* **TASK ITEM**: The answer is to be an exact copy of the lines below running from the line with "section \<open>The low-frequency" down to the line with "(\<Phi> (u / 2", both ends included, and nothing more.
►
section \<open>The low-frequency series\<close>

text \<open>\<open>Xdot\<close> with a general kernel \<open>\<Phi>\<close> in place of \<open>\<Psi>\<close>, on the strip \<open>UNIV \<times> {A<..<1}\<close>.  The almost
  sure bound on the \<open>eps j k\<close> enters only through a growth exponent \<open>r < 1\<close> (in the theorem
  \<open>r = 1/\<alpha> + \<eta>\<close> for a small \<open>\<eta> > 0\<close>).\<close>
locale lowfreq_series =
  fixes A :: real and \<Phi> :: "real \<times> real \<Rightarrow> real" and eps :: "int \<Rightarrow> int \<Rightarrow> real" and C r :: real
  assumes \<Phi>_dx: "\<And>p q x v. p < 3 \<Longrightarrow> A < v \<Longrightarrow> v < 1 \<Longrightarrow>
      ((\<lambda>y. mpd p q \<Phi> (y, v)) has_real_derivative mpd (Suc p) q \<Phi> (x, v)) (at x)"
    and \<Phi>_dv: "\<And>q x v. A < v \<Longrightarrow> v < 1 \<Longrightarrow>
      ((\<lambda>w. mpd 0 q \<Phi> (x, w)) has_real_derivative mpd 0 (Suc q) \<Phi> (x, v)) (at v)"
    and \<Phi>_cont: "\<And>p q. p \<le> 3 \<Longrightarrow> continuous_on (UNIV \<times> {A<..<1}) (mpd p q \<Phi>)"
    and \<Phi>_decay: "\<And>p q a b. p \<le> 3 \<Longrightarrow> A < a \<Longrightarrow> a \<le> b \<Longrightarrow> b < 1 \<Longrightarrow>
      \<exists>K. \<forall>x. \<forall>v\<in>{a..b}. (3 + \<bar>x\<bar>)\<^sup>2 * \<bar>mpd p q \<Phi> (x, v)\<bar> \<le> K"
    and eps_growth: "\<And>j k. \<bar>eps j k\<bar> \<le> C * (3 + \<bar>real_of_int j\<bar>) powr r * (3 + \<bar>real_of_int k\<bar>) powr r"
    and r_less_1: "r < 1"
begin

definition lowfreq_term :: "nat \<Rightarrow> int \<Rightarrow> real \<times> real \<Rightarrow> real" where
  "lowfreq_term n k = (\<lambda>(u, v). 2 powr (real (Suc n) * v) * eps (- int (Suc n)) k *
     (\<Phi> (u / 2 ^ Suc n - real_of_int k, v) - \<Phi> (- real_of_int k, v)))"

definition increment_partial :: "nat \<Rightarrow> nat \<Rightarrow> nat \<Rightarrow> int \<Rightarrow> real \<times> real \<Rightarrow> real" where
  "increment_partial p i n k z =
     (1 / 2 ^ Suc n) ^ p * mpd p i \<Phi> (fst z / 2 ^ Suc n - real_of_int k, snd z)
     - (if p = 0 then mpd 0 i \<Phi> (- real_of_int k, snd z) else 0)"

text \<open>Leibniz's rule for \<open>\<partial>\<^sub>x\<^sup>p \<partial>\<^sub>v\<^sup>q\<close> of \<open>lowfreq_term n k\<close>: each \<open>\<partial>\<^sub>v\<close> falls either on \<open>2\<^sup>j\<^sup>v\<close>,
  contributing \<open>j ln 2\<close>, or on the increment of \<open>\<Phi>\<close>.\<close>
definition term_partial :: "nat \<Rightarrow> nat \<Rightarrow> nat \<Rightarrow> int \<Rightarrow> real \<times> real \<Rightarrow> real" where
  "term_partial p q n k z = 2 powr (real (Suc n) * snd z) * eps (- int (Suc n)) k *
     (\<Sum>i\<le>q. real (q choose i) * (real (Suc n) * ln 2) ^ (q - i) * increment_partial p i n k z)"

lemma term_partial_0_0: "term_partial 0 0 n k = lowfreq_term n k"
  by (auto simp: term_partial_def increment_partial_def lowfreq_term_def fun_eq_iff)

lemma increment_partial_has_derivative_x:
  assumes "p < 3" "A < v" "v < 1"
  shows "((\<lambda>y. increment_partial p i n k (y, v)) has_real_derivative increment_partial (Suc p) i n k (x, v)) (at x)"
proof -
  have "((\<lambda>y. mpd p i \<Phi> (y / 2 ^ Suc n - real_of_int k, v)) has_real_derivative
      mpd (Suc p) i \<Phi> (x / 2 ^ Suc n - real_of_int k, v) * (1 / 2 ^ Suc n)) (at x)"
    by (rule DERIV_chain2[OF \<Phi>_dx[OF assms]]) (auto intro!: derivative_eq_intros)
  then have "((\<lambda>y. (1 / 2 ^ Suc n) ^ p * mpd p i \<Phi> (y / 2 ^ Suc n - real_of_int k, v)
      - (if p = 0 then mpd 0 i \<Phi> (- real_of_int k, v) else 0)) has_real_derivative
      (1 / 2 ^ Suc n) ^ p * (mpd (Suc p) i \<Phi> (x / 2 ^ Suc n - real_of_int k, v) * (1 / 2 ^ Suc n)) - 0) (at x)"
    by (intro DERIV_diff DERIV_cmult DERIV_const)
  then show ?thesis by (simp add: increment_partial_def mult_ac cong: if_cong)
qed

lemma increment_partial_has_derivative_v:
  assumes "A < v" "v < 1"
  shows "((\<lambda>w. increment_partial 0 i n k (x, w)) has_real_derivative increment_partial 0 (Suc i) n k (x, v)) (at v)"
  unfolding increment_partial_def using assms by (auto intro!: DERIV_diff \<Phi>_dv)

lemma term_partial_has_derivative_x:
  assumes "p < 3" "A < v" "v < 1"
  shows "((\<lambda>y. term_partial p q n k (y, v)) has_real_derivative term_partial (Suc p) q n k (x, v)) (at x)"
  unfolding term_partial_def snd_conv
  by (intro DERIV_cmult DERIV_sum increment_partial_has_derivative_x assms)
◄
►
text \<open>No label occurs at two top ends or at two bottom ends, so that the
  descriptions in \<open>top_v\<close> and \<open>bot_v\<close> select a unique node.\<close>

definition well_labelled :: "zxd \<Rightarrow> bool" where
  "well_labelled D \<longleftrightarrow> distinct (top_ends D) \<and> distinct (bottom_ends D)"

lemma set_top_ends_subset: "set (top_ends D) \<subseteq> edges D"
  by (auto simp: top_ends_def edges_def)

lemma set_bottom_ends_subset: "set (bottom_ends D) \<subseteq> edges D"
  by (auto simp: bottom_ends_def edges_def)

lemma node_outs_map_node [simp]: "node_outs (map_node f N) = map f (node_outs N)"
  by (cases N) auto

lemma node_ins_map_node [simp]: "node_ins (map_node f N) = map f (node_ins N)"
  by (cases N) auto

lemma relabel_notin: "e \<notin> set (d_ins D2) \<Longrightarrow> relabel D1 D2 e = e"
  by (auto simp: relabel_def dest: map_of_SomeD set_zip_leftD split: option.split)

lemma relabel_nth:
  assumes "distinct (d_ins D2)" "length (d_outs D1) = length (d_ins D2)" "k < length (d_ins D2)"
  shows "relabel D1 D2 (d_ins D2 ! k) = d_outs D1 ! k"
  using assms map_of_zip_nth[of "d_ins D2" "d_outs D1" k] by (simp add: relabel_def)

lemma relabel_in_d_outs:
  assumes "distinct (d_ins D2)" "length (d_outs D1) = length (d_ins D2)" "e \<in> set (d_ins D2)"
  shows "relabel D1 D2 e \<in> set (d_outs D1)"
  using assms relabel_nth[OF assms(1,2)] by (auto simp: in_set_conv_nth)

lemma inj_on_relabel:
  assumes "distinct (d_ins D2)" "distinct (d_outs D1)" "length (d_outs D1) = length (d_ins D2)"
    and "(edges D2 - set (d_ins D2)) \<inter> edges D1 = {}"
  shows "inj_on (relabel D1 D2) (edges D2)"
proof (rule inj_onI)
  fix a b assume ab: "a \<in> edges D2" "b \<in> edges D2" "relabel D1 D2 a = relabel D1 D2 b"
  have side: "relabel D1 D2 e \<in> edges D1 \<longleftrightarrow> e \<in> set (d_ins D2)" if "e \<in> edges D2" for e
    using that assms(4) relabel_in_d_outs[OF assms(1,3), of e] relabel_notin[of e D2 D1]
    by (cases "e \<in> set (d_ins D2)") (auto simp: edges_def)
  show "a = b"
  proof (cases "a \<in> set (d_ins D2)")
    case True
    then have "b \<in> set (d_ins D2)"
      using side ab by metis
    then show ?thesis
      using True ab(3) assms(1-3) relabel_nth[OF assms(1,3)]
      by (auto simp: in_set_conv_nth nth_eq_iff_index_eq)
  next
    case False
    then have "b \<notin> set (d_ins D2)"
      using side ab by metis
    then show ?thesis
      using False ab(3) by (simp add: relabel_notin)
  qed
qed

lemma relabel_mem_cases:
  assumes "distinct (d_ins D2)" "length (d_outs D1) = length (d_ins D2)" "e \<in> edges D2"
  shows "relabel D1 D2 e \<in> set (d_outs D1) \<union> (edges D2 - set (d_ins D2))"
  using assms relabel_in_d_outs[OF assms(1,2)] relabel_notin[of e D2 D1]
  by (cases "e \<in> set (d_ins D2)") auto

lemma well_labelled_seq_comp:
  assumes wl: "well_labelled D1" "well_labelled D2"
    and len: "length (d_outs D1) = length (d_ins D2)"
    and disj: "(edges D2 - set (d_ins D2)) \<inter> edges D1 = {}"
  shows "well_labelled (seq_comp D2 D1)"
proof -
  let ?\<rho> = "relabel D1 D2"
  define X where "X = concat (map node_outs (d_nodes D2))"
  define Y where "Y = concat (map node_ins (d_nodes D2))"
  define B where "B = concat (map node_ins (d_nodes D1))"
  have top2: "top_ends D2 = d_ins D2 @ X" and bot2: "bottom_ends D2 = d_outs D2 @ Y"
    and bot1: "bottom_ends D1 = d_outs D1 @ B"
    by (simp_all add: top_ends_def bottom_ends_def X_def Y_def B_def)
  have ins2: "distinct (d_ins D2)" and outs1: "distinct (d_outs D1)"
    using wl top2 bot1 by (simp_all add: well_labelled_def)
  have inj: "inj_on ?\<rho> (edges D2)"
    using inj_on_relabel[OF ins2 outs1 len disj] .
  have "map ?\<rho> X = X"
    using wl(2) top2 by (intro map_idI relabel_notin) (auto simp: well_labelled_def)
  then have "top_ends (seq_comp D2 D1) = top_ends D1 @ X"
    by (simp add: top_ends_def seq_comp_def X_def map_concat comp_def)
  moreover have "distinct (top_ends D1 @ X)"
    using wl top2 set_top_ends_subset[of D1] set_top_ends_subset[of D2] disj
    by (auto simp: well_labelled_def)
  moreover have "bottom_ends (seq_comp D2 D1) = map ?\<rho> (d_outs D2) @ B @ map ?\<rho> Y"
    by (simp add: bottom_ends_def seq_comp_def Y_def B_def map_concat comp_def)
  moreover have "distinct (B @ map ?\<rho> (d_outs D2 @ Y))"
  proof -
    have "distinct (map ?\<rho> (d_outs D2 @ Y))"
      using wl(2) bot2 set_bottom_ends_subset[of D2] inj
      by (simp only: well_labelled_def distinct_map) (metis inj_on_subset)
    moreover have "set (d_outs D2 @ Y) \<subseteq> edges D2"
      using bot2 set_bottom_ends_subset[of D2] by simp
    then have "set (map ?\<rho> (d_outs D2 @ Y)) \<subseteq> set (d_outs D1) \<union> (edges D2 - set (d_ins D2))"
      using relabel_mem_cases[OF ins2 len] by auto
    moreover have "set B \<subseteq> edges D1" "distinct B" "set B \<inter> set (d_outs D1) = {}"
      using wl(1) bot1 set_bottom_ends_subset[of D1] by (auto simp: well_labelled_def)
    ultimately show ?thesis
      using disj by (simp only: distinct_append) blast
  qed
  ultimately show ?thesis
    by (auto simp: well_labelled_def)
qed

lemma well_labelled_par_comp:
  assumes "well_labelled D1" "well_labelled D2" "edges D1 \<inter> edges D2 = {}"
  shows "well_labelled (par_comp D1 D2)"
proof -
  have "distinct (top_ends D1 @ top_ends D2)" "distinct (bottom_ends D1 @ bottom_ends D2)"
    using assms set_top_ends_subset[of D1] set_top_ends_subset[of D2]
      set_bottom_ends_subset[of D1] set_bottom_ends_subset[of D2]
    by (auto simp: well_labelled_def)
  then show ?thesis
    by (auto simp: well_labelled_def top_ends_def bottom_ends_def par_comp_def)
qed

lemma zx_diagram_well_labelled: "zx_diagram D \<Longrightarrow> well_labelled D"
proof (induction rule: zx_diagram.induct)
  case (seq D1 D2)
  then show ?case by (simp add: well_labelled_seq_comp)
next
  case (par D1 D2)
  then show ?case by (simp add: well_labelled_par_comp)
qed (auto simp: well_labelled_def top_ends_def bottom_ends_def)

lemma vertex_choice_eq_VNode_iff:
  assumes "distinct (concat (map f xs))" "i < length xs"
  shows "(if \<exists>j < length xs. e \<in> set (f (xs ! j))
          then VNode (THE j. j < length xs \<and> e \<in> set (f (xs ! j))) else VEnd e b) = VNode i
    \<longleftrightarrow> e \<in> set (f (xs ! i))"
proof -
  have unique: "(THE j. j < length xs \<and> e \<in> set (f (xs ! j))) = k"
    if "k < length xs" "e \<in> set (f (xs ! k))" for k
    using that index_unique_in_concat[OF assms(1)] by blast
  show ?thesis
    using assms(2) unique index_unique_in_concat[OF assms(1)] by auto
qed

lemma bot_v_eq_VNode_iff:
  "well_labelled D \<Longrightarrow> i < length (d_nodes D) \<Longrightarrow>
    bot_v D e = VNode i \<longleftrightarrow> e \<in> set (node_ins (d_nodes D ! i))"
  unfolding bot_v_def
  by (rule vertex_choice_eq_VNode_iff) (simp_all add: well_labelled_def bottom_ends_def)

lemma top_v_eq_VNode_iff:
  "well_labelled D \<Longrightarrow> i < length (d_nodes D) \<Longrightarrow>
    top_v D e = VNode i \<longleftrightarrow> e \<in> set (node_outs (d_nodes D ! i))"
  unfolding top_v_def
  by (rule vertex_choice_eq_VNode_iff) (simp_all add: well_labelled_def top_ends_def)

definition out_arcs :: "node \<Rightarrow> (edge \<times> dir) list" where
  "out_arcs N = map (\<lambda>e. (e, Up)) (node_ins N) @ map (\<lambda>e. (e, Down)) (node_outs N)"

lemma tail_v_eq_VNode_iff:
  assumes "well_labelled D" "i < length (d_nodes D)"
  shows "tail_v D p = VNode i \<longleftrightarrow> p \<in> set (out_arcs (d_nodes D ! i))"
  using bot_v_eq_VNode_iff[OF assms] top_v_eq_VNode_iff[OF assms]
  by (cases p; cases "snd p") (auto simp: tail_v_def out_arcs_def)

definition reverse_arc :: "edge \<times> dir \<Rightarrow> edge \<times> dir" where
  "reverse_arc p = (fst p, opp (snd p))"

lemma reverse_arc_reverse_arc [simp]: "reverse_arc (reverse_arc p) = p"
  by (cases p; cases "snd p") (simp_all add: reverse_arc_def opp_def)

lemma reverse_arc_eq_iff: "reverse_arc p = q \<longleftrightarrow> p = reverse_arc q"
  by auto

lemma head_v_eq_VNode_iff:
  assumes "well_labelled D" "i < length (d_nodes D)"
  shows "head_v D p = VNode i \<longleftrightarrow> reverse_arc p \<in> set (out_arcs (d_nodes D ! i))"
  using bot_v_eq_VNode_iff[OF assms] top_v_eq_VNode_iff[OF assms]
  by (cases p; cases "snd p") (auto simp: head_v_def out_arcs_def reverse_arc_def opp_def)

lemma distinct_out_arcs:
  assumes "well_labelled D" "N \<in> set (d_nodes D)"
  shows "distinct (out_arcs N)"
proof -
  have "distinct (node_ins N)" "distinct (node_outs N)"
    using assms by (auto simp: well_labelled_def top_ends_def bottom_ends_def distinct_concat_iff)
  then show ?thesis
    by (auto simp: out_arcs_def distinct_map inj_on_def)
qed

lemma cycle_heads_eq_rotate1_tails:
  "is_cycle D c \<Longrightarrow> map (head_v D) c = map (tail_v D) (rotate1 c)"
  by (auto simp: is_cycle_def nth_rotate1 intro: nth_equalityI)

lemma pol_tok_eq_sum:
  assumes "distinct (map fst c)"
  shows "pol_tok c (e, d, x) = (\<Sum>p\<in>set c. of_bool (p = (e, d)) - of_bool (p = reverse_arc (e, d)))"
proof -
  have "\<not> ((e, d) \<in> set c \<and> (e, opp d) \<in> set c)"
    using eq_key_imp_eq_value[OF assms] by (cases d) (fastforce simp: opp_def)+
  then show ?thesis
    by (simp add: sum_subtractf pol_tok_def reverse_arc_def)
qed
◄
* **RESPONSE FOR THIS EXERCISE**:
section \<open>The low-frequency series\<close>

text \<open>\<open>Xdot\<close> with a general kernel \<open>\<Phi>\<close> in place of \<open>\<Psi>\<close>, on the strip \<open>UNIV \<times> {A<..<1}\<close>.  The almost
  sure bound on the \<open>eps j k\<close> enters only through a growth exponent \<open>r < 1\<close> (in the theorem
  \<open>r = 1/\<alpha> + \<eta>\<close> for a small \<open>\<eta> > 0\<close>).\<close>
locale lowfreq_series =
  fixes A :: real and \<Phi> :: "real \<times> real \<Rightarrow> real" and eps :: "int \<Rightarrow> int \<Rightarrow> real" and C r :: real
  assumes \<Phi>_dx: "\<And>p q x v. p < 3 \<Longrightarrow> A < v \<Longrightarrow> v < 1 \<Longrightarrow>
      ((\<lambda>y. mpd p q \<Phi> (y, v)) has_real_derivative mpd (Suc p) q \<Phi> (x, v)) (at x)"
    and \<Phi>_dv: "\<And>q x v. A < v \<Longrightarrow> v < 1 \<Longrightarrow>
      ((\<lambda>w. mpd 0 q \<Phi> (x, w)) has_real_derivative mpd 0 (Suc q) \<Phi> (x, v)) (at v)"
    and \<Phi>_cont: "\<And>p q. p \<le> 3 \<Longrightarrow> continuous_on (UNIV \<times> {A<..<1}) (mpd p q \<Phi>)"
    and \<Phi>_decay: "\<And>p q a b. p \<le> 3 \<Longrightarrow> A < a \<Longrightarrow> a \<le> b \<Longrightarrow> b < 1 \<Longrightarrow>
      \<exists>K. \<forall>x. \<forall>v\<in>{a..b}. (3 + \<bar>x\<bar>)\<^sup>2 * \<bar>mpd p q \<Phi> (x, v)\<bar> \<le> K"
    and eps_growth: "\<And>j k. \<bar>eps j k\<bar> \<le> C * (3 + \<bar>real_of_int j\<bar>) powr r * (3 + \<bar>real_of_int k\<bar>) powr r"
    and r_less_1: "r < 1"
begin

definition lowfreq_term :: "nat \<Rightarrow> int \<Rightarrow> real \<times> real \<Rightarrow> real" where
  "lowfreq_term n k = (\<lambda>(u, v). 2 powr (real (Suc n) * v) * eps (- int (Suc n)) k *
     (\<Phi> (u / 2 ^ Suc n - real_of_int k, v) - \<Phi> (- real_of_int k, v)))"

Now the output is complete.